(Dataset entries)
<<<<
lemma min_poly_independent:
  assumes min: "is_min_poly hom \<alpha> m" and d: "d \<le> degree m"
    and zero: "basis_comb hom \<alpha> d u = 0" and j: "j < d"
  shows "u j = 0"
proof (rule ccontr)
  assume nz: "u j \<noteq> 0"
  define q where "q = Poly (map u [0..<d])"
  have coeff_q: "coeff q i = (if i < d then u i else 0)" for i
    by (simp add: q_def nth_default_def)
  have "q \<noteq> 0" using nz j coeff_q[of j] by auto
  moreover have "poly (map_poly hom q) \<alpha> = 0" using zero by (simp add: q_def poly_map_poly_Poly)
  ultimately have "degree m \<le> degree q" by (rule min_poly_minimal[OF min])
  moreover have "degree q < d" using j by (intro degree_lessI) (auto simp: coeff_q)
  ultimately show False using d by simp
qed

lemma basis_comb_inj:
  assumes "is_min_poly hom \<alpha> m" and "d \<le> degree m"
    and "basis_comb hom \<alpha> d u = basis_comb hom \<alpha> d v" and "j < d"
  shows "u j = v j"
  using min_poly_independent[OF assms(1,2), of "\<lambda>j. u j - v j" j] assms(3,4)
  by (simp add: basis_comb_diff)

lemma min_poly_one_alpha_independent:
  assumes min: "is_min_poly hom \<alpha> m" and deg: "2 \<le> degree m"
    and zero: "hom x + hom y * \<alpha> = 0"
  shows "x = 0 \<and> y = 0"
proof -
  define u where "u j = x * (if j = 0 then 1 else 0) + y * (if j = 1 then 1 else 0)" for j :: nat
  have "basis_comb hom \<alpha> 2 u = hom x + hom y * \<alpha>"
    unfolding u_def basis_comb_add basis_comb_smult by (simp add: basis_comb_unit)
  then have "basis_comb hom \<alpha> 2 u = 0" using zero by simp
  from min_poly_independent[OF min deg this, of 0] min_poly_independent[OF min deg this, of 1]
  show ?thesis by (simp add: u_def)
qed

lemma min_poly_relation:
  assumes "is_min_poly hom \<alpha> m"
  shows "\<alpha> ^ degree m = - basis_comb hom \<alpha> (degree m) (coeff m)"
proof -
  have "0 = poly (map_poly hom m) \<alpha>" using assms unfolding is_min_poly_def by simp
  also have "\<dots> = (\<Sum>i<Suc (degree m). hom (coeff m i) * \<alpha> ^ i)"
    by (simp add: poly_altdef lessThan_Suc_atMost)
  also have "\<dots> = basis_comb hom \<alpha> (degree m) (coeff m) + \<alpha> ^ degree m"
    using assms unfolding is_min_poly_def basis_comb_def by simp
  finally show ?thesis by (simp add: eq_neg_iff_add_eq_0 add.commute)
qed

lemma basis_comb_shift:
  assumes rel: "\<alpha> ^ d = - basis_comb hom \<alpha> d mc" and d: "0 < d"
  shows "basis_comb hom \<alpha> d (companion_shift mc d u) = \<alpha> * basis_comb hom \<alpha> d u"
proof -
  obtain d' where d': "d = Suc d'" using d by (cases d) auto
  have "basis_comb hom \<alpha> d (companion_shift mc d u)
      = basis_comb hom \<alpha> d (\<lambda>j. (if j = 0 then 0 else u (j - 1)) - u d' * mc j)"
    by (rule basis_comb_cong) (simp add: companion_shift_def d')
  also have "\<dots> = (\<Sum>j<d'. hom (u j) * \<alpha> ^ Suc j) + hom (u d') * \<alpha> ^ d"
  proof -
    have "basis_comb hom \<alpha> d (\<lambda>j. if j = 0 then 0 else u (j - 1)) = (\<Sum>j<d'. hom (u j) * \<alpha> ^ Suc j)"
      unfolding basis_comb_def d' sum.lessThan_Suc_shift by simp
    moreover have "basis_comb hom \<alpha> d mc = - (\<alpha> ^ d)" using rel by simp
    ultimately show ?thesis by (simp add: basis_comb_diff basis_comb_smult)
  qed
  also have "\<dots> = \<alpha> * basis_comb hom \<alpha> d u"
    by (simp add: basis_comb_def d' sum_distrib_left distrib_left mult.left_commute)
  finally show ?thesis .
qed

text \<open>A monic polynomial of degree 0 is 1, which has no roots.\<close>
lemma min_poly_degree_pos:
  assumes "is_min_poly hom \<alpha> m"
  shows "0 < degree m"
proof (rule ccontr)
  assume "\<not> 0 < degree m"
  then have "m = 1" using assms unfolding is_min_poly_def
    by (metis degree_0_id gr0I one_poly_eq_simps(1))
  then show False using assms unfolding is_min_poly_def by simp
qed

lemma min_poly_spans:
  assumes min: "is_min_poly hom \<alpha> m" and prim: "primitive_element \<alpha>"
  shows "\<exists>u. basis_comb hom \<alpha> (degree m) u = y"
proof -
  let ?d = "degree m"
  have d: "0 < ?d" by (rule min_poly_degree_pos[OF min])
  have powers: "\<exists>u. basis_comb hom \<alpha> ?d u = \<alpha> ^ k" for k
  proof (induction k)
    case 0
    show ?case using basis_comb_unit[OF d] by auto
  next
    case (Suc k)
    then obtain u where "basis_comb hom \<alpha> ?d u = \<alpha> ^ k" by blast
    then show ?case
      using basis_comb_shift[OF min_poly_relation[OF min] d, of u] by auto
  qed
  show ?thesis
  proof (cases "y = 0")
    case True
    then show ?thesis by (intro exI[of _ "\<lambda>_. 0"]) (simp add: basis_comb_def)
  next
    case False
    then obtain k where "y = \<alpha> ^ k" using prim unfolding primitive_element_def by blast
    then show ?thesis using powers by blast
  qed
qed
>>>>
**Exercise description:** All of the entries above need to be reproduced exactly.

**Answer box:**
lemma min_poly_independent:
  assumes min: "is_min_poly hom \<alpha> m" and d: "d \<le> degree m"
    and zero: "basis_comb hom \<alpha> d u = 0" and j: "j < d"
  shows "u j = 0"
proof (rule ccontr)
  assume nz: "u j \<noteq> 0"
  define q where "q = Poly (map u [0..<d])"
  have coeff_q: "coeff q i = (if i < d then u i else 0)" for i
    by (simp add: q_def nth_default_def)
  have "q \<noteq> 0" using nz j coeff_q[of j] by auto
  moreover have "poly (map_poly hom q) \<alpha> = 0" using zero by (simp add: q_def poly_map_poly_Poly)
  ultimately have "degree m \<le> degree q" by (rule min_poly_minimal[OF min])
  moreover have "degree q < d" using j by (intro degree_lessI) (auto simp: coeff_q)
  ultimately show False using d by simp
qed

lemma basis_comb_inj:
  assumes "is_min_poly hom \<alpha> m" and "d \<le> degree m"
    and "basis_comb hom \<alpha> d u = basis_comb hom \<alpha> d v" and "j < d"
  shows "u j = v j"
  using min_poly_independent[OF assms(1,2), of "\<lambda>j. u j - v j" j] assms(3,4)
  by (simp add: basis_comb_diff)

lemma min_poly_one_alpha_independent:
  assumes min: "is_min_poly hom \<alpha> m" and deg: "2 \<le> degree m"
    and zero: "hom x + hom y * \<alpha> = 0"
  shows "x = 0 \<and> y = 0"
proof -
  define u where "u j = x * (if j = 0 then 1 else 0) + y * (if j = 1 then 1 else 0)" for j :: nat
  have "basis_comb hom \<alpha> 2 u = hom x + hom y * \<alpha>"
    unfolding u_def basis_comb_add basis_comb_smult by (simp add: basis_comb_unit)
  then have "basis_comb hom \<alpha> 2 u = 0" using zero by simp
  from min_poly_independent[OF min deg this, of 0] min_poly_independent[OF min deg this, of 1]
  show ?thesis by (simp add: u_def)
qed

lemma min_poly_relation:
  assumes "is_min_poly hom \<alpha> m"
  shows "\<alpha> ^ degree m = - basis_comb hom \<alpha> (degree m) (coeff m)"
proof -
  have "0 = poly (map_poly hom m) \<alpha>" using assms unfolding is_min_poly_def by simp
  also have "\<dots> = (\<Sum>i<Suc (degree m). hom (coeff m i) * \<alpha> ^ i)"
    by (simp add: poly_altdef lessThan_Suc_atMost)
  also have "\<dots> = basis_comb hom \<alpha> (degree m) (coeff m) + \<alpha> ^ degree m"
    using assms unfolding is_min_poly_def basis_comb_def by simp
  finally show ?thesis by (simp add: eq_neg_iff_add_eq_0 add.commute)
qed

lemma basis_comb_shift:
  assumes rel: "\<alpha> ^ d = - basis_comb hom \<alpha> d mc" and d: "0 < d"
  shows "basis_comb hom \<alpha> d (companion_shift mc d u) = \<alpha> * basis_comb hom \<alpha> d u"
proof -
  obtain d' where d': "d = Suc d'" using d by (cases d) auto
  have "basis_comb hom \<alpha> d (companion_shift mc d u)
      = basis_comb hom \<alpha> d (\<lambda>j. (if j = 0 then 0 else u (j - 1)) - u d' * mc j)"
    by (rule basis_comb_cong) (simp add: companion_shift_def d')
  also have "\<dots> = (\<Sum>j<d'. hom (u j) * \<alpha> ^ Suc j) + hom (u d') * \<alpha> ^ d"
  proof -
    have "basis_comb hom \<alpha> d (\<lambda>j. if j = 0 then 0 else u (j - 1)) = (\<Sum>j<d'. hom (u j) * \<alpha> ^ Suc j)"
      unfolding basis_comb_def d' sum.lessThan_Suc_shift by simp
    moreover have "basis_comb hom \<alpha> d mc = - (\<alpha> ^ d)" using rel by simp
    ultimately show ?thesis by (simp add: basis_comb_diff basis_comb_smult)
  qed
  also have "\<dots> = \<alpha> * basis_comb hom \<alpha> d u"
    by (simp add: basis_comb_def d' sum_distrib_left distrib_left mult.left_commute)
  finally show ?thesis .
qed

text \<open>A monic polynomial of degree 0 is 1, which has no roots.\<close>
lemma min_poly_degree_pos:
  assumes "is_min_poly hom \<alpha> m"
  shows "0 < degree m"
proof (rule ccontr)
  assume "\<not> 0 < degree m"
  then have "m = 1" using assms unfolding is_min_poly_def
    by (metis degree_0_id gr0I one_poly_eq_simps(1))
  then show False using assms unfolding is_min_poly_def by simp
qed

lemma min_poly_spans:
  assumes min: "is_min_poly hom \<alpha> m" and prim: "primitive_element \<alpha>"
  shows "\<exists>u. basis_comb hom \<alpha> (degree m) u = y"
proof -
  let ?d = "degree m"
  have d: "0 < ?d" by (rule min_poly_degree_pos[OF min])
  have powers: "\<exists>u. basis_comb hom \<alpha> ?d u = \<alpha> ^ k" for k
  proof (induction k)
    case 0
    show ?case using basis_comb_unit[OF d] by auto
  next
    case (Suc k)
    then obtain u where "basis_comb hom \<alpha> ?d u = \<alpha> ^ k" by blast
    then show ?case
      using basis_comb_shift[OF min_poly_relation[OF min] d, of u] by auto
  qed
  show ?thesis
  proof (cases "y = 0")
    case True
    then show ?thesis by (intro exI[of _ "\<lambda>_. 0"]) (simp add: basis_comb_def)
  next
    case False
    then obtain k where "y = \<alpha> ^ k" using prim unfolding primitive_element_def by blast
    then show ?thesis using powers by blast
  qed
qed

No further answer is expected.